Live in a very large old think walled house. At the moment I'm running:

BT Smart hub >> ethernet >> AV600 >>mains>> AV600 + wifi >> wifi & ethernet >> ethernet to Server (TimeMachine, Network Storage, Homebridge, VPN etc) and wifi to MacBook, iPhone, iPad etc. I also have a few AV600 ethernet only plugs around the house for the PS4 and TV's. At the moment its all running well for internet usage but then again we only get 16.2Mbps but file transfer etc is slow around the house which is mainly due to the AV600 units running at 100mbps and wifi at N.

The Smart hub is downstairs and provides Wifi to some of downstairs, it doesn't really reach half of it but enough really. The AV600 wifi upstairs again, doesn't cover as much as I would want at all to be honest but its the best I can do really.

So I just wanted to see if anyone has upgraded from the AV600 to the AV1200 or the AV/2000 and what speed difference it makes via wi-fi and ethernet.

One reason is because I would like to ditch all the AV600 and do the following which would be in better places around the house for max speed via wi-fi and we are shortly able to connect to the B4RN (www.b4rn.org.nuk) which give an amazing 1000mbps download and 1000mbps upload for £150 connection fee and then only £30 a month. Rural broadband can be amazing!

The second reason is that I would like more control over my network and being a Apple lover I think I would go for 2 x AirPort Extreme 6th Generation. One centrally downstairs and one in the main usage area upstairs. This would mean I could connect my Server directly to the downstairs one which just so happens to have a nice cupboard to tuck all the stuff away in such as external HD's etc.

Cheers
 
Other peoples experience of HomePlugs is no predictor of your usage experience. Everyone's mains electricity environment and equipment mix differs and the mains was never designed for high frequency signal transmission as used by HP's. Some people have excellent results (and we rarely hear from them) some people have dreadful results (and whinge on endlessly on Internet forums) and everything in between. (Same for Wi-Fi BTW.)

All we can say for sure is that faster HP's should be faster, but no-one can say by how much. Many advocate buying from a supplier with a good returns policy in case the new ones don't cut it, which seems like good advice to me.
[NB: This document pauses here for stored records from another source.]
lemma bernoulli_factory_inner_has_sum:
  assumes "bernoulli_factory_for P T" and "x \<in> P \<inter> open_unit_cube"
  shows "((\<lambda>p. path_prob T x p * (w \<bullet> leaf_val (T p))) has_sum (w \<bullet> x)) (leaf_paths T)"
proof -
  have "((\<lambda>p. path_prob T x p *\<^sub>R leaf_val (T p)) has_sum x) (leaf_paths T)"
    using assms unfolding bernoulli_factory_for_def by blast
  from has_sum_bounded_linear[OF bounded_linear_inner_right this, of w]
  show ?thesis by simp
qed

lemma bernoulli_factory_argmax_const:
  assumes T: "bernoulli_factory_for P T"
    and x: "x \<in> P \<inter> open_unit_cube" and y: "y \<in> P \<inter> open_unit_cube"
    and max: "\<And>q. q \<in> P \<Longrightarrow> w \<bullet> q \<le> w \<bullet> x"
  shows "w \<bullet> y = w \<bullet> x"
proof -
  define L where "L = leaf_paths T"
  define g where "g p = w \<bullet> leaf_val (T p)" for p
  have ft: "factory_tree (vertices P) T"
    using T unfolding bernoulli_factory_for_def by blast
  have sum1: "((\<lambda>p. path_prob T z p) has_sum 1) L" if "z \<in> P \<inter> open_unit_cube" for z
    using T that unfolding bernoulli_factory_for_def L_def by blast
  have sum_g: "((\<lambda>p. path_prob T z p * g p) has_sum w \<bullet> z) L" if "z \<in> P \<inter> open_unit_cube" for z
    using bernoulli_factory_inner_has_sum[OF T that] unfolding L_def g_def .
  have nonneg: "0 \<le> path_prob T z p" if "z \<in> P \<inter> open_unit_cube" for z p
    using path_prob_nonneg[OF ft] that by blast
  have g_le: "g p \<le> w \<bullet> x" if "p \<in> L" for p
    using max bernoulli_factory_leaf_val_in[OF T] that unfolding L_def g_def by blast
  have supp: "path_prob T y p * g p = path_prob T y p * (w \<bullet> x)" if p: "p \<in> L" for p
  proof (cases "0 < path_prob T y p")
    case True
    then have "0 < path_prob T x p"
      using path_prob_pos_iff[OF ft] x y by blast
    with convex_comb_eq_max_on_support[OF sum1[OF x] sum_g[OF x] nonneg[OF x] g_le p]
    show ?thesis
      by simp
  next
    case False
    with nonneg[OF y, of p] show ?thesis
      by simp
  qed
  from sum_g[OF y] have "((\<lambda>p. path_prob T y p * (w \<bullet> x)) has_sum w \<bullet> y) L"
    by (subst (asm) has_sum_cong[OF supp])
  moreover have "((\<lambda>p. path_prob T y p * (w \<bullet> x)) has_sum w \<bullet> x) L"
    using has_sum_cmult_left[OF sum1[OF y]] by simp
  ultimately show ?thesis
    by (rule has_sum_unique)
qed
Even with perfect conditions, it's unlikely that AV2000 would outperform a 1000mbps Internet service, (sounds suspiciously like they are delivering GBit ethernet over fibre,) because of HP operating paradigm and protocol overheads - I doubt even 2000mbps HP's would keep up:

HP's have a protocol efficiency usually cited in the range of 45-55% which mean only about 45-55% of the headline link rate achieved is used for user data - the rest gets used by encoding, error correction and various other mechanisms used to "make them work."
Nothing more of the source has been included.